(Records from a dataset)
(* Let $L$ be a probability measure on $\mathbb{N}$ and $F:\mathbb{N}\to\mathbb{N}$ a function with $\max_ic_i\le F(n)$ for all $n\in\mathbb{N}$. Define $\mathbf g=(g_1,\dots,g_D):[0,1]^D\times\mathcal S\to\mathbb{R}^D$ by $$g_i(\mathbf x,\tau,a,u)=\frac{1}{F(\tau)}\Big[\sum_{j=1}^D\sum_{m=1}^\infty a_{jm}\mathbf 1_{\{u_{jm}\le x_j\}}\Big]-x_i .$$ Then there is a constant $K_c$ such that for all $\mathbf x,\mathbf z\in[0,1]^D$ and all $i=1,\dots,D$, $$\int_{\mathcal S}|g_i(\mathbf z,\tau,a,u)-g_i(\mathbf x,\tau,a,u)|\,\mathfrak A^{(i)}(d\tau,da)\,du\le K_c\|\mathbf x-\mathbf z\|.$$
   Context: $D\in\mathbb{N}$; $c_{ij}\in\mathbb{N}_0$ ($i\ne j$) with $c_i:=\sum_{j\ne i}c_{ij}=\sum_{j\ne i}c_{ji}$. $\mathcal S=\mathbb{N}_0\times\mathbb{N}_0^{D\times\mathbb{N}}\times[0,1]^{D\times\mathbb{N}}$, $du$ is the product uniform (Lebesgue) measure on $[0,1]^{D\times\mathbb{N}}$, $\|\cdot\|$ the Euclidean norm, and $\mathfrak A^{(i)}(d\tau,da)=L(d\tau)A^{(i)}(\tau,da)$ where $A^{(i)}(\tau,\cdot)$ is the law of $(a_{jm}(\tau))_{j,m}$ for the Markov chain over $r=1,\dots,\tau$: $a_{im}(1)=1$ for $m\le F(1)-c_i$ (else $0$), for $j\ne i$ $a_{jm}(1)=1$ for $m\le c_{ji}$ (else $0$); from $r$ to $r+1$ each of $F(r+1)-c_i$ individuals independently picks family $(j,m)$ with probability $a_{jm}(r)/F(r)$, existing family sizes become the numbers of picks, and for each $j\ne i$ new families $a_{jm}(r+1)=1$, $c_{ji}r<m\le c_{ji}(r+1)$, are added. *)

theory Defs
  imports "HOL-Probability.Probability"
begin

[Work item]: Write out the data a second time, exactly the same.

[Result of the exercise]:
(* Let $L$ be a probability measure on $\mathbb{N}$ and $F:\mathbb{N}\to\mathbb{N}$ a function with $\max_ic_i\le F(n)$ for all $n\in\mathbb{N}$. Define $\mathbf g=(g_1,\dots,g_D):[0,1]^D\times\mathcal S\to\mathbb{R}^D$ by $$g_i(\mathbf x,\tau,a,u)=\frac{1}{F(\tau)}\Big[\sum_{j=1}^D\sum_{m=1}^\infty a_{jm}\mathbf 1_{\{u_{jm}\le x_j\}}\Big]-x_i .$$ Then there is a constant $K_c$ such that for all $\mathbf x,\mathbf z\in[0,1]^D$ and all $i=1,\dots,D$, $$\int_{\mathcal S}|g_i(\mathbf z,\tau,a,u)-g_i(\mathbf x,\tau,a,u)|\,\mathfrak A^{(i)}(d\tau,da)\,du\le K_c\|\mathbf x-\mathbf z\|.$$
   Context: $D\in\mathbb{N}$; $c_{ij}\in\mathbb{N}_0$ ($i\ne j$) with $c_i:=\sum_{j\ne i}c_{ij}=\sum_{j\ne i}c_{ji}$. $\mathcal S=\mathbb{N}_0\times\mathbb{N}_0^{D\times\mathbb{N}}\times[0,1]^{D\times\mathbb{N}}$, $du$ is the product uniform (Lebesgue) measure on $[0,1]^{D\times\mathbb{N}}$, $\|\cdot\|$ the Euclidean norm, and $\mathfrak A^{(i)}(d\tau,da)=L(d\tau)A^{(i)}(\tau,da)$ where $A^{(i)}(\tau,\cdot)$ is the law of $(a_{jm}(\tau))_{j,m}$ for the Markov chain over $r=1,\dots,\tau$: $a_{im}(1)=1$ for $m\le F(1)-c_i$ (else $0$), for $j\ne i$ $a_{jm}(1)=1$ for $m\le c_{ji}$ (else $0$); from $r$ to $r+1$ each of $F(r+1)-c_i$ individuals independently picks family $(j,m)$ with probability $a_{jm}(r)/F(r)$, existing family sizes become the numbers of picks, and for each $j\ne i$ new families $a_{jm}(r+1)=1$, $c_{ji}r<m\le c_{ji}(r+1)$, are added. *)

theory Defs
  imports "HOL-Probability.Probability"
begin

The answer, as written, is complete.